Дом на Мельничном Холме рухнул: вдребезги разлетелся под ударами кирки тот лепной воин, у которого одна щека была выкрашена в синий цвет, а другая — в желтый. Исчез дом, а с ним и та каморка, где некогда был арестован старый кассир Дэвид Эварт, препровожденный оттуда в революционный трибунал, а потом — на гильотину. Некоторое время серая пыль взметалась тучей и крутилась на соседних улицах; люди и лошади вдыхали прах старого здания, и у них першило в горле. Теперь бывшие жильцы, а в их числе и слесарь с красильщиком, не нашли бы и того места, где стоял старый дом.

Владение Феллера де Сизака в Медоне порядком разрослось. Решетчатая ограда, стоявшая прежде довольно близко от дома, отодвинулась, прихватив соседний участок, на котором тотчас же был возведен маленький готический замок из кирпича, с башенками, зубчатыми стенами и бойницами. Вся усадьба именовалась «Виллой де Сизака». Но не успела еще высохнуть штукатурка, как в один прекрасный день на ограде появилась дощечка с объявлением, извещавшем о том, что дача, замок и службы продаются или же сдаются в наем.

Сменялись времена года, а объявление все раскачивалось на ветру. От дождя и солнца оно покоробилось и побурело.
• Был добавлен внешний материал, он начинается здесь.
(* Let $D$ be a domain in $\mathbb{R}^d$, $p\in\partial D$ a strictly convex boundary point, $q\in D$, and $(\varphi_j)$ a sequence of projective automorphisms of $D$ with $q_j:=\varphi_j(q)\to p$. Let $U$ be a neighborhood of $p$ such that $D\cap U$ is convex, and set $D_j=\varphi_j^{-1}(D\cap U)$. Then $(D_j)$ is an exhaustion of $D$: for every compact set $K\subset D$ there is $j_0$ such that $K\subset D_j$ for all $j\ge j_0$.
   Context: $\mathbb{R}^d$ is embedded in $\mathbb{P}\mathbb{R}^d$ as the points $(1:x_1:\dots:x_d)$; a projective map is a map induced by a linear map of $\mathbb{R}^{d+1}$ acting on homogeneous coordinates, and a projective automorphism of $D$ is a bijective projective map of $D$ onto itself. A point $p\in\partial D$ is strictly convex if $\partial D$ is $\mathcal{C}^2$-smooth near $p$ and the restriction to the tangent hyperplane at $p$ of the Hessian of a local defining function is positive definite. *)

theory Defs
  imports "HOL-Analysis.Analysis"
begin

text \<open>R^d is real^'n; homogeneous coordinates (x0 : x) are elements of real \<times> real^'n,
  and the point x of R^d is (1 : x).\<close>

definition projective_map_on :: "(real^'n \<Rightarrow> real^'n) \<Rightarrow> (real^'n) set \<Rightarrow> bool" where
  "projective_map_on f S \<longleftrightarrow>
     (\<exists>L :: (real \<times> (real^'n)) \<Rightarrow> (real \<times> (real^'n)). linear L \<and>
        (\<forall>x\<in>S. fst (L (1, x)) \<noteq> 0 \<and> f x = (1 / fst (L (1, x))) *\<^sub>R snd (L (1, x))))"

definition projective_automorphism :: "(real^'n \<Rightarrow> real^'n) \<Rightarrow> (real^'n) set \<Rightarrow> bool" where
  "projective_automorphism f D \<longleftrightarrow> projective_map_on f D \<and> bij_betw f D D"

definition domain :: "(real^'n) set \<Rightarrow> bool" where
  "domain D \<longleftrightarrow> open D \<and> connected D \<and> D \<noteq> {}"
(*
  Let X be the set of x in [0,1] with ||32^(k^2) x|| -> 0; it is an Arbault set. Given any
  increasing (a_n) and positive non-summable (r_n) we construct x in X with
  sum_n r_n ||a_n x|| = oo, so X lies outside N^I for every ideal I.

  Let 32^(e_n) be the least power of 32 that is at least 2 a_n, and choose W -> oo so slowly
  that sum_n r_n 32^(-W(e_n)) still diverges. The point x has base-32 digits 0 and 1, and its
  digits at positions in the windows (k^2, k^2 + W k] vanish, which gives
  ||32^(k^2) x|| <= 32^(-W k). Let J_n be the first position >= e_n outside all windows; every
  such position j carries a greedily chosen digit, which makes the indices n with J_n = j
  contribute at least a quarter of sum r_n a_n 32^(-j) to sum r_n ||a_n x||. As the windows are
  short, J_n <= e_n + W(e_n), so these terms dominate r_n 32^(-W(e_n)) / 64.
*)

lemma dint_le_dist_int: "dint x \<le> \<bar>x - real_of_int m\<bar>"
proof -
  let ?f = "x - real_of_int (round x)"
  have f: "\<bar>?f\<bar> \<le> 1/2" using of_int_round_abs_le[of x] by linarith
  have "\<bar>?f\<bar> \<le> \<bar>?f + real_of_int (round x - m)\<bar>"
  proof (cases "round x - m = 0")
    case False
    then have "1 \<le> \<bar>real_of_int (round x - m)\<bar>" by linarith
    then show ?thesis using f by linarith
  qed simp
  then show ?thesis unfolding dint_def by simp
qed

lemma dint_nonneg: "0 \<le> dint x"
  by (simp add: dint_def)

lemma dint_le_abs: "dint x \<le> \<bar>x\<bar>"
  using dint_le_dist_int[of x 0] by simp

lemma dint_triangle: "dint (x + y) \<le> dint x + dint y"
proof -
  have "dint (x + y) \<le> \<bar>x + y - real_of_int (round x + round y)\<bar>" by (rule dint_le_dist_int)
  also have "\<dots> \<le> dint x + dint y" unfolding dint_def by simp
  finally show ?thesis .
qed

lemma dint_uminus [simp]: "dint (- x) = dint x"
  using dint_le_dist_int[of "-x" "- round x"] dint_le_dist_int[of x "- round (-x)"]
  by (simp add: dint_def)

lemma dint_add_int [simp]: "dint (x + real_of_int m) = dint x"
  using dint_le_dist_int[of "x + real_of_int m" "round x + m"]
    dint_le_dist_int[of x "round (x + real_of_int m) - m"]
  by (simp add: dint_def)

lemma dint_le_dint_add_dist: "dint x \<le> dint y + \<bar>x - y\<bar>"
  using dint_triangle[of y "x - y"] dint_le_abs[of "x - y"] by simp

lemma dint_eq_self: "0 \<le> x \<Longrightarrow> x \<le> 1/2 \<Longrightarrow> dint x = x"
  using dint_le_dist_int[of x "round x"] of_int_round_abs_le[of x] dint_le_abs[of x]
  unfolding dint_def by (cases "round x \<le> 0") linarith+

lemma le_dint_add_dint: "0 \<le> d \<Longrightarrow> d \<le> 1/2 \<Longrightarrow> d \<le> dint (y + d) + dint y"
  using dint_eq_self[of d] dint_triangle[of "y + d" "- y"] by simp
Пришла осень, и скорбная тишина спустилась на медонские холмы. Вскоре немецкие солдаты в кожаных касках с ружьями на плече прошли по ним тяжеловесным шагом и расположились в заброшенной даче. Они топили печи навощенными паркетными брусками. Снаряд, залетевший сюда, разворотил крышу. Пришла тягостная зима. Во Францию вторгся враг[44]Во Францию вторгся враг. — Речь идет о франко-прусской войне 1870–1871 гг. После поражения французской армии под Седаном 2 сентября 1870 года прусские войска оккупировали большую часть Франции и 18 сентября осадили Париж. Осада продолжалась до января 1871 года. 28 января Париж капитулировал, и было заключено перемирие с пруссаками., Париж был осажден. В годину народного бедствия Феллер окончательно разорился.
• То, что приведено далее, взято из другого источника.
lemma hyp_points_in_hyp_space:
  assumes "C < 0"
  shows "hyp_points C ` {..d} \<subseteq> hyp_space d C"
proof (rule image_subsetI)
  fix i assume i: "i \<in> {..d}"
  define a where "a = (if i = 0 then 0 else 1 :: real)"
  have "0 < a - 1 / C"
    using assms by (simp add: a_def divide_less_0_iff)
  then have p0: "0 < hyp_points C i 0" "(hyp_points C i 0)\<^sup>2 = a - 1 / C"
    by (simp_all add: hyp_points_def a_def)
  have "lor (d + 1) (hyp_points C i) (hyp_points C i) = - (hyp_points C i 0)\<^sup>2 + a"
    using i by (simp add: lor_hyp_points power2_eq_square a_def, simp add: hyp_points_def unit_vec_def)
  then have "lor (d + 1) (hyp_points C i) (hyp_points C i) = 1 / C"
    using p0(2) by simp
  moreover have "hyp_points C i \<in> vecs (d + 1)"
    using i by (auto simp: hyp_points_def unit_vec_def vecs_def)
  ultimately show "hyp_points C i \<in> hyp_space d C"
    using p0(1) by (simp add: hyp_space_def)
qed

lemma inj_on_hyp_points:
  assumes "C < 0"
  shows "inj_on (hyp_points C) I"
proof (rule inj_onI)
  fix i j assume "hyp_points C i = hyp_points C j"
  then have "hyp_points C i 0 = hyp_points C j 0" "hyp_points C i i = hyp_points C j i"
    by simp_all
  then show "i = j"
    using assms by (auto simp: hyp_points_def unit_vec_def divide_neg_pos split: if_splits)
qed

definition hyp_weight :: "real \<Rightarrow> nat \<Rightarrow> (nat \<Rightarrow> real) \<Rightarrow> nat \<Rightarrow> real" where
  "hyp_weight s d L j = (if j = 0 then - L 0 else if j \<le> d then L j * (s + 1) - L 0 * s else 0)"

lemma lor_hyp_weight_pos:
  assumes "0 < s" "2 \<le> d" and L: "\<forall>i\<in>{..d}. L i \<in> {-1, 1}"
  shows "0 < lor (d + 1) (hyp_weight s d L) (hyp_weight s d L)"
proof -
  let ?w = "hyp_weight s d L"
  have "1 \<le> ?w j * ?w j" if "j \<in> {1..<d + 1}" for j
  proof -
    have "L j \<in> {-1, 1}" "L 0 \<in> {-1, 1}"
      using L that by auto
    then have "?w j * ?w j \<in> {1, (2 * s + 1)\<^sup>2}"
      using that by (auto simp: hyp_weight_def power2_eq_square algebra_simps)
    moreover have "1 \<le> (2 * s + 1)\<^sup>2"
      using assms(1) by (intro one_le_power) simp
    ultimately show ?thesis
      by auto
  qed
  then have "(\<Sum>j\<in>{1..<d + 1}. 1) \<le> (\<Sum>j\<in>{1..<d + 1}. ?w j * ?w j)"
    by (rule sum_mono)
  moreover have "L 0 \<in> {-1, 1}"
    using L by auto
  then have "?w 0 * ?w 0 = 1"
    by (auto simp: hyp_weight_def)
  ultimately show ?thesis
    using assms(2) by (simp add: lor_def)
qed

lemma lor_hyp_weight_hyp_points:
  assumes "i \<le> d"
  shows "lor (d + 1) (hyp_weight (sqrt (1 - 1 / C)) d L) (hyp_points C i)
    = L i * (hyp_points C i 0 + (if i = 0 then 0 else 1))"
  unfolding lor_hyp_points using assms
  by (cases "i = 0") (auto simp: hyp_weight_def hyp_points_def algebra_simps)

lemma hyp_class_shatters_hyp_points:
  assumes C: "C < 0" and d: "2 \<le> d"
  shows "shatters (hyp_class d C) (hyp_points C ` {..d})"
proof (rule shatters_imageI)
  fix L :: "nat \<Rightarrow> real" assume L: "\<forall>i\<in>{..d}. L i \<in> {-1, 1}"
  define w where "w = hyp_weight (sqrt (1 - 1 / C)) d L"
  have "0 < sqrt (1 - 1 / C)"
    using C by (simp add: divide_less_0_iff)
  then have "0 < lor (d + 1) w w"
    unfolding w_def using d L by (rule lor_hyp_weight_pos)
  moreover have "0 < - C"
    using C by simp
  ultimately obtain c where c: "0 < c" "c\<^sup>2 * lor (d + 1) w w = - C"
    using exists_pos_scale by blast
  define h where "h x = sgnpm (arsinh (lor (d + 1) (scale_fun c w) x))" for x
  have "scale_fun c w \<in> vecs (d + 1)"
    by (simp add: w_def hyp_weight_def scale_fun_def vecs_def)
  moreover have "lor (d + 1) (scale_fun c w) (scale_fun c w) = - C"
    using c(2) by (simp add: lor_scale)
  ultimately have "h \<in> hyp_class d C"
    unfolding hyp_class_def h_def by blast
  moreover have "h (hyp_points C i) = L i" if i: "i \<in> {..d}" for i
  proof -
    have "0 < hyp_points C i 0"
      using hyp_points_in_hyp_space[OF C] i by (auto simp: hyp_space_def)
    then have pos: "0 < hyp_points C i 0 + (if i = 0 then 0 else 1)"
      by (cases "i = 0") simp_all
    have "h (hyp_points C i) = sgnpm (lor (d + 1) w (hyp_points C i))"
      using c(1) by (simp add: h_def sgnpm_arsinh lor_scale_left sgnpm_mult_pos)
    also have "lor (d + 1) w (hyp_points C i) = L i * (hyp_points C i 0 + (if i = 0 then 0 else 1))"
      unfolding w_def by (rule lor_hyp_weight_hyp_points) (use i in simp)
    also have "sgnpm \<dots> = L i"
      using sgnpm_sign_mult_pos[OF pos] L i by simp
    finally show ?thesis .
  qed
  ultimately show "\<exists>h\<in>hyp_class d C. \<forall>i\<in>{..d}. h (hyp_points C i) = L i"
    by blast
qed

theorem theorem1:
  fixes d :: nat
  assumes "d \<ge> 2"
  shows "vc_dim (euc_class d) (euc_space d) = enat (d + 1)
       \<and> (\<forall>C::real. C > 0 \<longrightarrow> vc_dim (sph_class d C) (sph_space d C) = enat (d + 1))
       \<and> (\<forall>C::real. C < 0 \<longrightarrow> vc_dim (hyp_class d C) (hyp_space d C) = enat (d + 1))"
proof (intro conjI allI impI)
  show "vc_dim (euc_class d) (euc_space d) = enat (d + 1)"
    using vc_dim_eqI[where p = "euc_points d", OF _ _ inj_on_euc_points euc_points_in_euc_space
        euc_class_shatters_euc_points] euc_class_card_le assms
    by simp
next
  fix C :: real assume "C > 0"
  then show "vc_dim (sph_class d C) (sph_space d C) = enat (d + 1)"
    using vc_dim_eqI[where p = "sph_points C", OF _ _ inj_on_sph_points sph_points_in_sph_space
        sph_class_shatters_sph_points] sph_class_card_le
    by simp
next
  fix C :: real assume "C < 0"
  then show "vc_dim (hyp_class d C) (hyp_space d C) = enat (d + 1)"
    using vc_dim_eqI[where p = "hyp_points C", OF _ _ inj_on_hyp_points hyp_points_in_hyp_space
        hyp_class_shatters_hyp_points] hyp_class_card_le assms
    by simp
qed

end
Жестокий удар по конторе на Новой Полевой улице был нанесен еще раньше, когда премьер-министром был Шевандье де Вальдро, когда вышел в отставку префект департамента Сены[45]Когда премьер-министром был Шевандье де Вальдро, когда вышел в отставку префект департамента Сены… — Префект Осман, обвиненный в финансовых злоупотреблениях, в значительном превышении бюджета Парижа, в 1870 году вышел в отставку. Министр внутренних дел Шевандье де Вальдро отдал распоряжение прекратить работы по реконструкции Парижа. и прекратились работы по благоустройству города. Удача изменила Феллеру, и он изменил себе. Он перестал красить бакенбарды, ходил в нечищенных сюртуках и носил очки в черепаховой оправе. Он пытал счастья в игорных домах, бросал на карточный стол луидоры, которые ему изредка перепадали. С той поры, как дочь покинула его дом, его стали навещать рыжие накрашенные девицы, распевавшие на лестницах. Однажды его встретили в Фоли-Бержер под руку с двумя женщинами. В дни осады Парижа он вновь остепенился и основал общество страхования жизни под названием: «Феникс национальной гвардии». Но на общество это никто не обратил внимания.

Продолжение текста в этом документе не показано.